No 7zip Allowed: Extracting Oracle's Gzipped Java Tarball On Windows to Create an Isolated, Zero Footprint Java Install for CIS CAT Pro
I had a project to package the CIS CAT Pro benchmark auditing tool for Windows and Linux. The unique Windows challenges I experienced are applicable anytime you either need to extract Java for Windows or extract any gzipped or tar archive on Windows - without using 7zip. CIS CAT Pro requires Java and I wanted to create a zero footprint Java install that could be cleanly wiped out by deleting a folder. This allows the automation to be more readily used on production systems because it won’t force a Java install, nor compete with an existing version of Java. (I find it ironic that CIS CAT requires Java - and then frequently flags the copy of Java it is using as a problem)
7zip has had a fair share of security vulnerabilities - consequently installing or using it can set off more than a few security bells where I work - so it was required to have a solution that was 7zip-less.
While it is more than a little frustrating that Java is only provided by Oracle as a gzipped tarball for Windows, this method will work fine for anything else that is only provided for Windows as a gzipped tarball.
Applying Infrastructure as Code: Principles of Minimalism
The term Infrastructure as Code is thrown around a lot and yet without very many specifics on how adopting this approach would inform coding choices. Sometimes people think of it exclusively in terms of desired state configuration management platforms like Chef, Puppet or Ansible. I have heard others reference it purely as setting up things other than actual end nodes - like what Terraform does.
When I think of Infrastructure as Code it is all inclusive - whether imperative or declarative or whether OS oriented or hypervisor oriented.
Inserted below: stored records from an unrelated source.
definition smooth_on :: "pt set \<Rightarrow> (pt \<Rightarrow> real) \<Rightarrow> bool" where
  "smooth_on U f \<longleftrightarrow> (\<forall>is. continuous_on U (pds is f) \<and>
      (\<forall>i. \<forall>p\<in>U. (\<lambda>t. pds is f (p + t *\<^sub>R ee i)) differentiable (at 0)))"

definition gmat :: "(pt \<Rightarrow> real) \<Rightarrow> (pt \<Rightarrow> real) \<Rightarrow> pt \<Rightarrow> mat3" where
  "gmat A B p = (\<chi> i j. if i = j then (if i = 3 then B p else A p) else 0)"

text \<open>Q as a matrix: column j is Q \<partial>_j. Q\<partial>1 = \<partial>2, Q\<partial>2 = -\<partial>1, Q\<partial>3 = \<partial>3.\<close>
definition Qmat :: mat3 where
  "Qmat = (\<chi> i j. if i = 2 \<and> j = 1 then 1 else if i = 1 \<and> j = 2 then -1
                  else if i = 3 \<and> j = 3 then 1 else 0)"

definition Pmat :: mat3 where "Pmat = Qmat ** Qmat"

text \<open>tilde g(x,y) = g(x, P y): components g(\<partial>_i, P \<partial>_j).\<close>
definition gtil :: "(pt \<Rightarrow> mat3) \<Rightarrow> pt \<Rightarrow> mat3" where
  "gtil G p = G p ** Pmat"

definition chr :: "(pt \<Rightarrow> mat3) \<Rightarrow> 3 \<Rightarrow> 3 \<Rightarrow> 3 \<Rightarrow> pt \<Rightarrow> real" where
  "chr G k i j p = (1/2) * (\<Sum>l\<in>UNIV. matrix_inv (G p) $ k $ l *
      (pd i (\<lambda>q. G q $ j $ l) p + pd j (\<lambda>q. G q $ i $ l) p - pd l (\<lambda>q. G q $ i $ j) p))"

text \<open>R(\<partial>_i,\<partial>_j)\<partial>_k = \<Sum>_l Rup i j k l \<partial>_l, with
  R(x,y)z = \<nabla>_x\<nabla>_y z - \<nabla>_y\<nabla>_x z - \<nabla>_[x,y] z.\<close>
definition Rup :: "(pt \<Rightarrow> mat3) \<Rightarrow> 3 \<Rightarrow> 3 \<Rightarrow> 3 \<Rightarrow> 3 \<Rightarrow> pt \<Rightarrow> real" where
  "Rup G i j k l p = pd i (chr G l j k) p - pd j (chr G l i k) p
     + (\<Sum>m\<in>UNIV. chr G m j k p * chr G l i m p - chr G m i k p * chr G l j m p)"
To me a pure definition of Infrastructure as Code means every last scrape of your configuration can be checked into source control and that the hard core disciplines of traditional development are applied (e.g. structured code, lots of testing, etc.)
Put another way, if the bottom of the stack imperative code (that always underlies declarative systems) stays as the quick and dirty admin coding of the past - it would be the achiles heal of the rest of the stack!
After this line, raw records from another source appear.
lemma Gmap_alt_simplex:
  "Gmap (alt_simplex s n) = word_simplex ` (\<Sum>w\<in>ab_words n. {((s, bxor s (odd (count_A w))), w)})"
proof -
  let ?g = "\<lambda>i A. {((s, bxor s (odd i)), shuffle_word n A)}"
  let ?S = "\<lambda>i. {A. A \<subseteq> {0..<n} \<and> card A = n - i}"
  have "Gmap (alt_simplex s n)
      = (\<Sum>i\<in>{0..n}. lin (\<lambda>u. nrm (map compE u)) (EZ3 x0 (alt_simplex s i) (alt_simplex (bxor s (odd i)) (n - i))))"
    unfolding Gmap_def AW_diagonal_alt_simplex by (simp add: lin_sum)
  also have "\<dots> = (\<Sum>i\<in>{0..n}. word_simplex ` (\<Sum>A\<in>?S i. ?g i A))"
  proof (intro sum.cong refl)
    fix i assume "i \<in> {0..n}"
    then show "lin (\<lambda>u. nrm (map compE u)) (EZ3 x0 (alt_simplex s i) (alt_simplex (bxor s (odd i)) (n - i)))
        = word_simplex ` (\<Sum>A\<in>?S i. ?g i A)"
      using EZ3_x0_alt_simplex[of s i "bxor s (odd i)" "n - i"] by simp
  qed
  also have "\<dots> = word_simplex ` (\<Sum>i\<in>{0..n}. \<Sum>A\<in>?S i. ?g i A)"
    by (simp add: image_sum_sets[OF inj_word_simplex])
  also have "(\<Sum>i\<in>{0..n}. \<Sum>A\<in>?S i. ?g i A) = (\<Sum>(i, A)\<in>Sigma {0..n} ?S. ?g i A)"
    by (rule sum.Sigma) auto
  also have "(\<Sum>(i, A)\<in>Sigma {0..n} ?S. ?g i A) = (\<Sum>A\<in>Pow {0..<n}. ?g (n - card A) A)"
  proof -
    have "bij_betw (\<lambda>A. (n - card A, A)) (Pow {0..<n}) (Sigma {0..n} ?S)"
      by (rule bij_betw_byWitness[where f' = snd]) (auto dest: card_mono[rotated])
    from sum.reindex_bij_betw[OF this, of "\<lambda>(i, A). ?g i A", symmetric] show ?thesis
      by (simp only: comp_def prod.case)
  qed
  also have "\<dots> = (\<Sum>w\<in>ab_words n. {((s, bxor s (odd (count_A w))), w)})"
    unfolding sum_ab_words_shuffle_word by (intro sum.cong) (simp_all add: count_A_shuffle_word)
  finally show ?thesis .
qed

section \<open>The Shih homotopy on alternating simplices\<close>

lemma scan_alternating_append:
  "scan bxor s (replicate a True) @ scan bxor t ds = scan bxor s (replicate a True @ bxor (bxor s (odd a)) t # ds)"
proof (induction a arbitrary: s)
  case 0
  have "bxor s (bxor s t) = t"
    by (auto simp: bxor_def)
  then show ?case by simp
next
  case (Suc a)
  have "bxor (\<not> s) (odd a) = bxor s (odd (Suc a))"
    by (simp add: bxor_def)
  with Suc.IH[of "\<not> s"] show ?case by simp
qed

text \<open>The summand \<open>(p, q, V)\<close> of the Shih homotopy on an n-simplex, written with
  \<open>n = m + q + p + 1\<close> so that no truncated subtraction occurs.\<close>

lemma shih_summand_first:
  assumes "V \<subseteq> {0..p + q}" "card V = p"
  shows "degs (Suc m) V (sdeg m (faces [Suc m + q + 1..<Suc m + q + p + 1] (alt_simplex s (Suc m + q + p))))
       = map perm_of_bool (scan bxor s ((replicate m True @ [False]) @ map (\<lambda>i. i \<notin> V) [0..<Suc q + p]))"
proof -
  have "faces [Suc m + q + 1..<Suc m + q + p + 1] (alt_simplex s (Suc m + q + p)) = alt_simplex s (Suc m + q)"
    using faces_upt[of "Suc m + q + 1" "Suc m + q + p + 1" "alt_simplex s (Suc m + q + p)"]
    by (simp add: take_alt_simplex)
  moreover have "sdeg m (scan bxor s (replicate (Suc m + q) True))
      = scan bxor s ((replicate m True @ [False]) @ replicate (Suc q) True)"
    by (simp add: bool_xor.sdeg_scan replicate_add[symmetric] del: replicate_Suc)
  moreover have "degs (Suc m) V (scan bxor s ((replicate m True @ [False]) @ replicate (Suc q) True))
      = scan bxor s ((replicate m True @ [False]) @ map (\<lambda>i. i \<notin> V) [0..<Suc q + p])"
  proof -
    have "finite V" "V \<subseteq> {0..<Suc q + card V}"
      using assms by (auto intro: finite_subset)
    from bool_xor.degs_scan[OF this, of "replicate m True @ [False]" "Suc m" s True]
    show ?thesis
      using assms(2) by simp
  qed
  ultimately show ?thesis
    by (simp add: alt_simplex_def sdeg_map degs_map del: replicate_Suc)
qed

lemma shih_summand_second:
  assumes "W \<subseteq> {0..p + q}" "card W = Suc q"
  shows "degs (Suc m) W (faces [Suc m..<Suc m + q] (alt_simplex s (Suc m + q + p)))
       = map perm_of_bool (scan bxor s ((replicate m True @ [even q]) @ map (\<lambda>i. i \<notin> W) [0..<p + Suc q]))"
proof -
  let ?x = "alt_simplex s (Suc m + q + p)"
  have "faces [Suc m..<Suc m + q] ?x = take (Suc m) ?x @ drop (Suc m + q) ?x"
    by (rule faces_upt) simp_all
  also have "\<dots> = alt_simplex s m @ alt_simplex (bxor s (odd (Suc m + q))) p"
    using take_alt_simplex[of m "Suc m + q + p" s] drop_alt_simplex[of "Suc m + q" "Suc m + q + p" s]
    by simp
  also have "\<dots> = map perm_of_bool (scan bxor s (replicate m True) @ scan bxor (bxor s (odd (Suc m + q))) (replicate p True))"
    by (simp add: alt_simplex_def)
  also have "\<dots> = map perm_of_bool (scan bxor s ((replicate m True @ [even q]) @ replicate p True))"
  proof -
    have "bxor (bxor s (odd m)) (bxor s (odd (Suc m + q))) = even q"
      by (auto simp: bxor_def)
    then show ?thesis
      by (simp only: scan_alternating_append append_assoc append_Cons append_Nil)
  qed
  finally have faces: "faces [Suc m..<Suc m + q] ?x
      = map perm_of_bool (scan bxor s ((replicate m True @ [even q]) @ replicate p True))" .
  have "finite W" "W \<subseteq> {0..<p + card W}"
    using assms by (auto intro: finite_subset)
  from bool_xor.degs_scan[OF this, of "replicate m True @ [even q]" "Suc m" s True] show ?thesis
    using assms(2) unfolding faces by (simp add: degs_map)
qed

lemma shih_summand_alt_simplex:
  assumes "V \<subseteq> {0..p + q}" "card V = p"
  shows "zip (degs (Suc m) V (sdeg m (faces [Suc m + q + 1..<Suc m + q + p + 1] (alt_simplex s (Suc m + q + p)))))
             (degs (Suc m) ({0..p + q} - V) (faces [Suc m..<Suc m + q] (alt_simplex s (Suc m + q + p))))
       = map (\<lambda>(a, b). (perm_of_bool a, perm_of_bool b))
           (scan pxor (s, s) (replicate m LC @ (False, even q) # shuffle_word (p + q + 1) V))"
proof -
  let ?W = "{0..p + q} - V"
  let ?X = "(replicate m True @ [False]) @ map (\<lambda>i. i \<notin> V) [0..<Suc q + p]"
  let ?Y = "(replicate m True @ [even q]) @ map (\<lambda>i. i \<notin> ?W) [0..<p + Suc q]"
  have W: "?W \<subseteq> {0..p + q}" "card ?W = Suc q"
    using assms by (auto simp: card_Diff_subset finite_subset)
  have "zip (degs (Suc m) V (sdeg m (faces [Suc m + q + 1..<Suc m + q + p + 1] (alt_simplex s (Suc m + q + p)))))
             (degs (Suc m) ?W (faces [Suc m..<Suc m + q] (alt_simplex s (Suc m + q + p))))
      = map (\<lambda>(a, b). (perm_of_bool a, perm_of_bool b)) (zip (scan bxor s ?X) (scan bxor s ?Y))"
    unfolding shih_summand_first[OF assms] shih_summand_second[OF W] zip_map_map ..
  also have "zip (scan bxor s ?X) (scan bxor s ?Y) = scan pxor (s, s) (zip ?X ?Y)"
    by (rule zip_scan) (simp_all add: pxor_def)
  also have "zip ?X ?Y = replicate m LC @ (False, even q) # shuffle_word (p + q + 1) V"
  proof -
    have "Suc q + p = p + q + 1" "p + Suc q = p + q + 1"
      by simp_all
    then have "zip (map (\<lambda>i. i \<notin> V) [0..<Suc q + p]) (map (\<lambda>i. i \<notin> ?W) [0..<p + Suc q])
        = shuffle_word (p + q + 1) V"
      using assms(1) by (simp only:) (intro nth_equalityI; auto simp: shuffle_word_def simp del: upt_Suc)
    then show ?thesis
      by (simp add: zip_replicate)
  qed
  finally show ?thesis .
qed

definition shih_index :: "nat \<Rightarrow> (nat \<times> nat \<times> nat set) set" where
  "shih_index n = {(p, q, V). p < n \<and> q < n - p \<and> V \<subseteq> {0..p + q} \<and> card V = p}"

definition shih_summand_word :: "nat \<Rightarrow> nat \<times> nat \<times> nat set \<Rightarrow> letter list" where
  "shih_summand_word n t = (case t of (p, q, V) \<Rightarrow>
     replicate (n - p - q - 1) LC @ (False, even q) # shuffle_word (p + q + 1) V)"

lemma finite_shih_index: "finite (shih_index n)"
  by (rule finite_subset[of _ "{..<n} \<times> {..<n} \<times> Pow {0..n}"]) (auto simp: shih_index_def)

lemma SHI_diagonal_alt_simplex:
  "SHI (zip (alt_simplex s n) (alt_simplex s n)) = (\<Sum>t\<in>shih_index n.
     nrm (map (\<lambda>(a, b). (perm_of_bool a, perm_of_bool b)) (scan pxor (s, s) (shih_summand_word n t))))"
proof (cases "n = 0")
  case True
  then have "shih_index n = {}"
    by (simp add: shih_index_def)
  with True show ?thesis
    by (simp add: SHI_def)
next
  case False
  let ?x = "alt_simplex s n"
  have "SHI (zip ?x ?x) = (\<Sum>(p, q, V)\<in>shih_index n. let m = n - p - q in
        nrm (zip (degs m V (sdeg (m - 1) (faces [n - p + 1..<n + 1] ?x)))
                 (degs m ({0..p + q} - V) (faces [n - p - q..<n - p] ?x))))"
    using False finite_shih_index by (simp add: SHI_def shih_index_def modsum_eq_sum)
  also have "\<dots> = (\<Sum>t\<in>shih_index n.
      nrm (map (\<lambda>(a, b). (perm_of_bool a, perm_of_bool b)) (scan pxor (s, s) (shih_summand_word n t))))"
  proof (intro sum.cong refl)
    fix t assume "t \<in> shih_index n"
    then obtain p q V where t: "t = (p, q, V)" "p < n" "q < n - p" "V \<subseteq> {0..p + q}" "card V = p"
      by (auto simp: shih_index_def)
    define m where "m = n - p - q - 1"
    with t have n: "n = Suc m + q + p"
      by simp
    then have "n - p - q = Suc m" "n - p + 1 = Suc m + q + 1" "n + 1 = Suc m + q + p + 1" "n - p = Suc m + q"
      by simp_all
    with t n show "(\<lambda>(p, q, V). let m = n - p - q in
        nrm (zip (degs m V (sdeg (m - 1) (faces [n - p + 1..<n + 1] ?x)))
                 (degs m ({0..p + q} - V) (faces [n - p - q..<n - p] ?x)))) t
      = nrm (map (\<lambda>(a, b). (perm_of_bool a, perm_of_bool b)) (scan pxor (s, s) (shih_summand_word n t)))"
      by (simp only: Let_def prod.case diff_Suc_1 shih_summand_alt_simplex shih_summand_word_def)
  qed
  finally show ?thesis .
qed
If you’re lucky enough to live in a pure PaaS or FaaS (Serverless) world - then this imperative level probably does not exist (but then you would also not have made it to this point in this article ;) )
For a long time I have felt that minimalizing code around the most pragmatic implementation made it more flexible than I originally anticipated in engineering it - it was a repeating theme. Recently I found that exact idea asserted in the book FIRE: How Fast, Inexpensive, Restrained, and Elegant Methods Ignite Innovation. I see it time and again that picking rudamentary implementations frequently increases their scope by reduce the assumptions. This aspect of coding is somewhat unique to developing automation for a broad audience because business applications rely on bringing all dependencies with them (at least the ones with well written installation code do ;) )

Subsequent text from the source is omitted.